Re: [PATCH] nvme-rdma: avoid stale device wrapper in remove_one
From: Nilay Shroff
Date: Mon Jun 22 2026 - 08:45:59 EST
On 6/21/26 7:29 PM, Cen Zhang wrote:
nvme_rdma_remove_one() walks nvme_rdma_ctrl_list under
nvme_rdma_ctrl_mutex, but it identifies matching controllers by reading
ctrl->device->dev. The mutex only protects controller list membership.
ctrl->device is a cached copy of queue 0's nvme_rdma_device, and that
wrapper is refcounted by queue lifetime.
The buggy scenario involves two paths, with each column showing the order
within that path:
RDMA remove callback: Controller error recovery:
1. enter nvme_rdma_remove_one() 1. run nvme_rdma_error_recovery_work()

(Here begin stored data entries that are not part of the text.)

text \<open>The gap bound is applied to the lacunary part of \<open>t b\<close>; the factor \<open>t < 1\<close> secures
  \<open>\<bar>t b\<^sub>0\<bar> < 1\<close>, and \<open>t \<rightarrow> 1\<close> then gives the inequality.\<close>

lemma schur_coeffs_Wiener_inequality:
  assumes b: "schur_coeffs b" and n: "n \<ge> 1"
  shows "norm (b n) \<le> 1 - norm (b 0)^2"
proof -
  have bound: "t * norm (b n) + t^2 * norm (b 0)^2 \<le> 1" if t: "0 < t" "t < 1" for t
  proof -
    let ?d = "\<lambda>m. if n dvd m then of_real t * b m else 0"
    have "schur_coeffs ?d"
      using t by (intro schur_coeffs_lacunary schur_coeffs_scale b n) auto
    moreover have "norm (?d 0) < 1"
    proof -
      have "t * norm (b 0) \<le> t * 1"
        using t schur_coeffs_norm_0_le[OF b] by (intro mult_left_mono) auto
      then have "t * norm (b 0) < 1"
        using t by linarith
      then show ?thesis
        using t by (simp add: norm_mult)
    qed
    moreover have "?d m = 0" if "0 < m" "m < n" for m
      using that by (auto dest: dvd_imp_le)
    ultimately have "norm (?d n) \<le> 1 - norm (?d 0)^2"
      using n by (intro schur_coeffs_gap_bound) auto
    then show ?thesis
      using t by (simp add: norm_mult power_mult_distrib)
  qed
  have "((\<lambda>t. t * norm (b n) + t^2 * norm (b 0)^2) \<longlongrightarrow> 1 * norm (b n) + 1^2 * norm (b 0)^2)
      (at_left 1)"
    by (intro tendsto_intros)
  then have "1 * norm (b n) + 1^2 * norm (b 0)^2 \<le> 1"
    using bound by (rule tendsto_at_left_1_le)
  then show ?thesis
    by simp
qed

lemma schur_coeffs_norm_le_1:
  assumes "schur_coeffs b"
  shows "norm (b n) \<le> 1"
proof (cases "n = 0")
  case False
  then have "norm (b n) \<le> 1 - norm (b 0)^2"
    using assms by (intro schur_coeffs_Wiener_inequality) auto
  then show ?thesis
    using zero_le_power2[of "norm (b 0)"] by linarith
qed (use schur_coeffs_norm_0_le[OF assms] in simp)

section \<open>The series \<open>S(\<rho>) = \<Sum>\<^bsub>n\<ge>1\<^esub> \<rho>\<^sup>n/(n + \<beta>)\<close>\<close>

text \<open>For \<open>\<beta> = 0\<close> this would be \<open>-ln (1 - \<rho>)\<close>.\<close>

definition shifted_log_series :: "real \<Rightarrow> real \<Rightarrow> real" where
  "shifted_log_series \<beta> \<rho> = (\<Sum>n. \<rho> ^ Suc n / (real (Suc n) + \<beta>))"

lemma rho_eq_shifted_log_series: "rho_eq \<beta> \<rho> = 1 / \<beta> - 2 * shifted_log_series \<beta> \<rho>"
  by (simp add: rho_eq_def shifted_log_series_def)

lemma shifted_log_series_0 [simp]: "shifted_log_series \<beta> 0 = 0"
  by (simp add: shifted_log_series_def)

lemma summable_shifted_log_series:
  assumes "\<beta> > 0" "\<bar>\<rho>\<bar> < 1"
  shows "summable (\<lambda>n. \<rho> ^ Suc n / (real (Suc n) + \<beta>))"
proof (rule summable_comparison_test[OF _ summable_geometric[of "\<bar>\<rho>\<bar>"]])
  have "\<bar>\<rho>\<bar> ^ Suc n / (real (Suc n) + \<beta>) \<le> \<bar>\<rho>\<bar> ^ Suc n / 1" for n
    using assms by (intro divide_left_mono) auto
  also have "\<bar>\<rho>\<bar> ^ Suc n / 1 \<le> \<bar>\<rho>\<bar> ^ n" for n
    using assms by (simp add: mult_left_le_one_le)
  finally have "\<bar>\<rho>\<bar> ^ Suc n / (real (Suc n) + \<beta>) \<le> \<bar>\<rho>\<bar> ^ n" for n .
  then show "\<exists>N. \<forall>n\<ge>N. norm (\<rho> ^ Suc n / (real (Suc n) + \<beta>)) \<le> \<bar>\<rho>\<bar> ^ n"
    using assms by (simp add: abs_mult power_abs)
qed (use assms in simp)

lemma shifted_log_series_strict_mono:
  assumes "\<beta> > 0" "0 \<le> \<rho>" "\<rho> < \<sigma>" "\<sigma> < 1"
  shows "shifted_log_series \<beta> \<rho> < shifted_log_series \<beta> \<sigma>"
proof -
  let ?f = "\<lambda>\<rho> n. \<rho> ^ Suc n / (real (Suc n) + \<beta>)"
  have summ: "summable (?f \<rho>)" "summable (?f \<sigma>)"
    using summable_shifted_log_series[of \<beta> \<rho>] summable_shifted_log_series[of \<beta> \<sigma>] assms
    by auto
  have "0 < (\<Sum>n. ?f \<sigma> n - ?f \<rho> n)"
  proof (rule suminf_pos)
    show "summable (\<lambda>n. ?f \<sigma> n - ?f \<rho> n)"
      using summ by (rule summable_diff[rotated])
    show "0 < ?f \<sigma> n - ?f \<rho> n" for n
      using assms power_strict_mono[of \<rho> \<sigma> "Suc n"] by (simp add: divide_strict_right_mono)
  qed
  also have "\<dots> = shifted_log_series \<beta> \<sigma> - shifted_log_series \<beta> \<rho>"
    unfolding shifted_log_series_def by (rule suminf_diff[symmetric, OF summ(2,1)])
  finally show ?thesis
    by simp
qed

lemma shifted_log_series_mono:
  assumes "\<beta> > 0" "0 \<le> \<rho>" "\<rho> \<le> \<sigma>" "\<sigma> < 1"
  shows "shifted_log_series \<beta> \<rho> \<le> shifted_log_series \<beta> \<sigma>"
  using shifted_log_series_strict_mono[of \<beta> \<rho> \<sigma>] assms by (cases "\<rho> = \<sigma>") auto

2. walk nvme_rdma_ctrl_list 2. tear down the admin queue
3. read ctrl->device->dev 3. drop the final queue device ref
4. free the nvme_rdma_device wrapper
Fix this by caching the ib_device identity in the controller when the
admin queue is configured. The remove callback can then compare the
cached pointer value against the ib_device being removed without
dereferencing the queue-owned nvme_rdma_device wrapper. Keep the delete
workqueue flush conditional on actually matching a controller.
I think, instead of caching ib_device in struct nvme_rdma_ctrl, we can take a
reference on the matching nvme_rdma_device (or ndev) while walking device_list.

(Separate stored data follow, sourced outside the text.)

theorem proposition2:
  fixes P :: "'e measure"
    and p :: "'t::euclidean_space \<Rightarrow> real^'p \<Rightarrow> real^'l \<Rightarrow> real"
    and q :: "'f::euclidean_space \<Rightarrow> real^'l \<Rightarrow> real^'p \<Rightarrow> real"
    and py :: "'w::euclidean_space \<Rightarrow> 'y \<Rightarrow> real^'l \<Rightarrow> real"
    and g :: "'f \<Rightarrow> 'e \<Rightarrow> real^'p \<Rightarrow> real^'l"
    and h :: "'t \<Rightarrow> 'f"
    and x :: "real^'p" and y :: 'y and lam :: real
    and \<theta>0 :: 't and \<phi>0 :: 'f and \<psi>0 :: 'w
    and U :: "'t set" and V :: "'f set"
  assumes P: "prob_space P"
    and lam: "lam \<ge> 0"
    \<comment> \<open>positive densities\<close>
    and p_pos: "\<And>\<theta> s. p \<theta> x s > 0"
    and q_pos: "\<And>\<phi> s. q \<phi> s x > 0"
    and py_pos: "\<And>\<psi> s. py \<psi> y s > 0"
    \<comment> \<open>differentiability of the models and of the reparameterisation\<close>
    and p_diff: "\<And>\<theta> s. (\<lambda>(\<theta>', s'). p \<theta>' x s') differentiable (at (\<theta>, s))"
    and q_diff: "\<And>\<phi> s. (\<lambda>(\<phi>', s'). q \<phi>' s' x) differentiable (at (\<phi>, s))"
    and py_diff: "\<And>\<psi> s. (\<lambda>(\<psi>', s'). py \<psi>' y s') differentiable (at (\<psi>, s))"
    and g_diff: "\<And>e \<phi>. (\<lambda>\<phi>'. g \<phi>' e x) differentiable (at \<phi>)"
    \<comment> \<open>the constraint determines phi = h theta near (theta0, phi0)\<close>
    and U: "open U" "\<theta>0 \<in> U" and V: "open V" "\<phi>0 \<in> V"
    and hUV: "h ` U \<subseteq> V"
    and h_diff: "h differentiable_on U"
    and h0: "\<phi>0 = h \<theta>0"
    and constraint_iff: "\<And>\<theta> \<phi>. \<theta> \<in> U \<Longrightarrow> \<phi> \<in> V \<Longrightarrow>
           (grad (elbo P p q g x \<theta>) \<phi> = 0 \<longleftrightarrow> \<phi> = h \<theta>)"
    \<comment> \<open>gradients may be interchanged with expectations over the noise\<close>
    and ic_phi: "grad_interchange P
           (\<lambda>e \<phi>. ln (p \<theta>0 x (g \<phi> e x)) - ln (q \<phi> (g \<phi> e x) x)) \<phi>0"
    and ic_theta_obj: "grad_interchange P
           (\<lambda>e \<theta>. ln (p \<theta> x (g (h \<theta>) e x)) - ln (q (h \<theta>) (g (h \<theta>) e x) x)
                  + lam * ln (py \<psi>0 y (g (h \<theta>) e x))) \<theta>0"
    and ic_theta_p: "grad_interchange P (\<lambda>e \<theta>. ln (p \<theta> x (g \<phi>0 e x))) \<theta>0"
    and ic_theta_py: "grad_interchange P (\<lambda>e \<theta>. ln (py \<psi>0 y (g (h \<theta>) e x))) \<theta>0"
    and ic_psi_obj: "grad_interchange P
           (\<lambda>e \<psi>. ln (p \<theta>0 x (g \<phi>0 e x)) - ln (q \<phi>0 (g \<phi>0 e x) x)
                  + lam * ln (py \<psi> y (g \<phi>0 e x))) \<psi>0"
    \<comment> \<open>stationary point of the constrained problem (phi eliminated via phi = h theta)\<close>
    and stat_theta: "grad (\<lambda>\<theta>. sup_obj P p q py g lam x y \<theta> (h \<theta>) \<psi>0) \<theta>0 = 0"
    and stat_psi: "grad (\<lambda>\<psi>. sup_obj P p q py g lam x y \<theta>0 \<phi>0 \<psi>) \<psi>0 = 0"
  shows "(\<integral>e. grad (\<lambda>\<phi>. ln (p \<theta>0 x (g \<phi> e x)) - ln (q \<phi> (g \<phi> e x) x)) \<phi>0 \<partial>P) = 0
       \<and> (\<integral>e. grad (\<lambda>\<theta>. ln (p \<theta> x (g \<phi>0 e x))) \<theta>0 \<partial>P)
           = - (lam *\<^sub>R (\<integral>e. grad (\<lambda>\<theta>. ln (py \<psi>0 y (g (h \<theta>) e x))) \<theta>0 \<partial>P))
       \<and> lam *\<^sub>R (\<integral>e. grad (\<lambda>\<psi>. ln (py \<psi> y (g \<phi>0 e x))) \<psi>0 \<partial>P) = 0"
proof -
  obtain Dh where Dh: "(h has_derivative Dh) (at \<theta>0)"
    using h_diff U by (meson differentiable_def differentiable_on_eq_differentiable_at)
  then have "h differentiable (at \<theta>0)"
    unfolding differentiable_def by blast
  have "grad (elbo P p q g x \<theta>0) \<phi>0 = 0"
    using constraint_iff[OF U(2) V(2)] h0 by simp
  then have i: "(\<integral>e. grad (\<lambda>\<phi>. ln (p \<theta>0 x (g \<phi> e x)) - ln (q \<phi> (g \<phi> e x) x)) \<phi>0 \<partial>P) = 0"
    using ic_phi unfolding grad_interchange_def elbo_def[abs_def] by simp
  have iii: "lam *\<^sub>R (\<integral>e. grad (\<lambda>\<psi>. ln (py \<psi> y (g \<phi>0 e x))) \<psi>0 \<partial>P) = 0"
  proof -
    have "(\<integral>e. grad (\<lambda>\<psi>. ln (p \<theta>0 x (g \<phi>0 e x)) - ln (q \<phi>0 (g \<phi>0 e x) x)
                  + lam * ln (py \<psi> y (g \<phi>0 e x))) \<psi>0 \<partial>P) = 0"
      using stat_psi ic_psi_obj unfolding grad_interchange_def sup_obj_def[abs_def] by simp
    moreover have "(\<lambda>\<psi>. ln (py \<psi> y (g \<phi>0 e x))) differentiable (at \<psi>0)" for e
      by (intro differentiable_ln_compose_case_prod[OF py_diff py_pos]) simp_all
    ultimately show ?thesis
      by (simp add: integral_grad_const_add_cmult)
  qed
  have ii: "(\<integral>e. grad (\<lambda>\<theta>. ln (p \<theta> x (g \<phi>0 e x))) \<theta>0 \<partial>P)
      = - (lam *\<^sub>R (\<integral>e. grad (\<lambda>\<theta>. ln (py \<psi>0 y (g (h \<theta>) e x))) \<theta>0 \<partial>P))"
  proof -
    have B_diff: "(\<lambda>\<theta>. ln (py \<psi>0 y (g (h \<theta>) e x))) differentiable (at \<theta>0)" for e
      by (intro differentiable_ln_compose_case_prod[OF py_diff py_pos]
          differentiable_compose[OF g_diff] \<open>h differentiable (at \<theta>0)\<close>) simp
    have partial_theta: "grad (\<lambda>\<theta>. ln (p \<theta> x (g \<phi>0 e x)) - ln (q \<phi>0 (g \<phi>0 e x) x)) \<theta>0
        = grad (\<lambda>\<theta>. ln (p \<theta> x (g \<phi>0 e x))) \<theta>0" for e
      using differentiable_ln_compose_case_prod[OF p_diff p_pos differentiable_ident differentiable_const]
      by (simp add: grad_diff grad_const)
    have "0 = (\<integral>e. grad (\<lambda>\<theta>. ln (p \<theta> x (g (h \<theta>) e x)) - ln (q (h \<theta>) (g (h \<theta>) e x) x)
                  + lam * ln (py \<psi>0 y (g (h \<theta>) e x))) \<theta>0 \<partial>P)"
      using stat_theta ic_theta_obj unfolding grad_interchange_def sup_obj_def[abs_def] by simp
    also have "\<dots> = (\<integral>e. grad (\<lambda>\<theta>. ln (p \<theta> x (g \<phi>0 e x))) \<theta>0 \<partial>P)
        + lam *\<^sub>R (\<integral>e. grad (\<lambda>\<theta>. ln (py \<psi>0 y (g (h \<theta>) e x))) \<theta>0 \<partial>P)"
      using integral_grad_envelope[OF differentiable_elbo_integrand[OF p_diff p_pos q_diff q_pos g_diff]
          B_diff Dh, where M = P and c = lam]
        partial_theta ic_theta_p ic_phi ic_theta_py i
      by (simp add: grad_interchange_def h0)
    finally show ?thesis
      by (simp add: eq_neg_iff_add_eq_0)
  qed
  show ?thesis
    using i ii iii by blast
qed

As the reference is taken, the rdma device would not be freed until we put the
reference or while we loops through the ctrl list.

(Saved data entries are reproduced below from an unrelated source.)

(* Let $R$ be a commutative ring in which $2$ is invertible, $I$ an ideal of $R$, let $Q=R$ with quadratic form $q(z)=z^2$, and let $m\ge1$. Identify automorphisms of $Q\perp\mathbb{H}(R)^m$ with matrices in $\mathrm{GL}_{2m+1}(R)$ via the ordered basis $(1,x_1,f_1,\dots,x_m,f_m)$. Then $\mathrm{EO}_{(R,I)}(Q,\mathbb{H}(R)^m)=\mathrm{EO}_{2m+1}(R,I)$.
   Context: For a quadratic form $q$ the bilinear form is $\langle x,y\rangle=q(x+y)-q(x)-q(y)$; on $Q=R$, $\langle z,z'\rangle=2zz'$. $\mathbb{H}(R)^m=\mathbb{H}(R^m)=R^m\oplus(R^m)^*$ with basis $x_1,\dots,x_m$, dual basis $f_1,\dots,f_m$, and $q(y,g)=g(y)$; orthogonal sums carry the sum of forms. With respect to the basis above the form has matrix $(2)\perp\widetilde{\psi}_m$, where $\widetilde{\psi}_s=\sum_{i=1}^s(e_{2i-1,2i}+e_{2i,2i-1})$ and $e_{i,j}$ are matrix units. DSER transformations on $Q\perp\mathbb{H}(P)$: for $\alpha:Q\to P$ let $\alpha^*:P^*\to Q$ satisfy $\langle\alpha^*(g),z\rangle=g(\alpha(z))$, $E_\alpha(z,y,g)=(z-\alpha^*(g),y+\alpha(z)-\tfrac12\alpha\alpha^*(g),g)$; for $\beta:Q\to P^*$ let $\beta^*:P\to Q$ satisfy $\langle\beta^*(y),z\rangle=\beta(z)(y)$, $E^*_\beta(z,y,g)=(z-\beta^*(y),y,g+\beta(z)-\tfrac12\beta\beta^*(y))$. $\mathrm{EO}_R(Q,\mathbb{H}(P))$ is generated by all $E_\alpha,E^*_\beta$; $\mathrm{EO}_I(Q,\mathbb{H}(P))$ by those with $\alpha(Q)\subseteq IP$, $\beta(Q)\subseteq IP^*$; $\mathrm{EO}_{(R,I)}(Q,\mathbb{H}(P))$ is the normal closure of $\mathrm{EO}_I(Q,\mathbb{H}(P))$ in $\mathrm{EO}_R(Q,\mathbb{H}(P))$. Odd elementary orthogonal group: for $N=2s+1$ and $1\le i\le s$, $F^1_i(\lambda)=I_N+\lambda(e_{1,2i+1}-2e_{2i,1}-\lambda e_{2i,2i+1})$, $F^2_i(\lambda)=I_N+\lambda(e_{1,2i}-2e_{2i+1,1}-\lambda e_{2i+1,2i})$. $\mathrm{EO}_{2s+1}(R)$ is generated by these with $\lambda\in R$, $\mathrm{EO}_{2s+1}(I)$ by those with $\lambda\in I$, and $\mathrm{EO}_{2s+1}(R,I)$ is the normal closure of $\mathrm{EO}_{2s+1}(I)$ in $\mathrm{EO}_{2s+1}(R)$. *)

theory Defs
  imports "Jordan_Normal_Form.Matrix"
begin

definition is_ideal :: "'a::comm_ring_1 set \<Rightarrow> bool" where
  "is_ideal I \<longleftrightarrow> 0 \<in> I \<and> (\<forall>x\<in>I. \<forall>y\<in>I. x + y \<in> I) \<and> (\<forall>r x. x \<in> I \<longrightarrow> r * x \<in> I)"

definition qQ :: "'a::comm_ring_1 \<Rightarrow> 'a" where
  "qQ z = z * z"

definition bilQ :: "'a::comm_ring_1 \<Rightarrow> 'a \<Rightarrow> 'a" where
  "bilQ z z' = qQ (z + z') - qQ z - qQ z'"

Then, loop through the ctrl list and compare ctrl->device directly against that
matching ndev. That would avoid dereferencing ctrl->device->dev while reusing
the existing kref-based lifetime management for nvme_rdma_device, rather than
introducing a separate cached ib_device pointer. At the end, we can drop the
reference to ndev.
Thanks,
--Nilay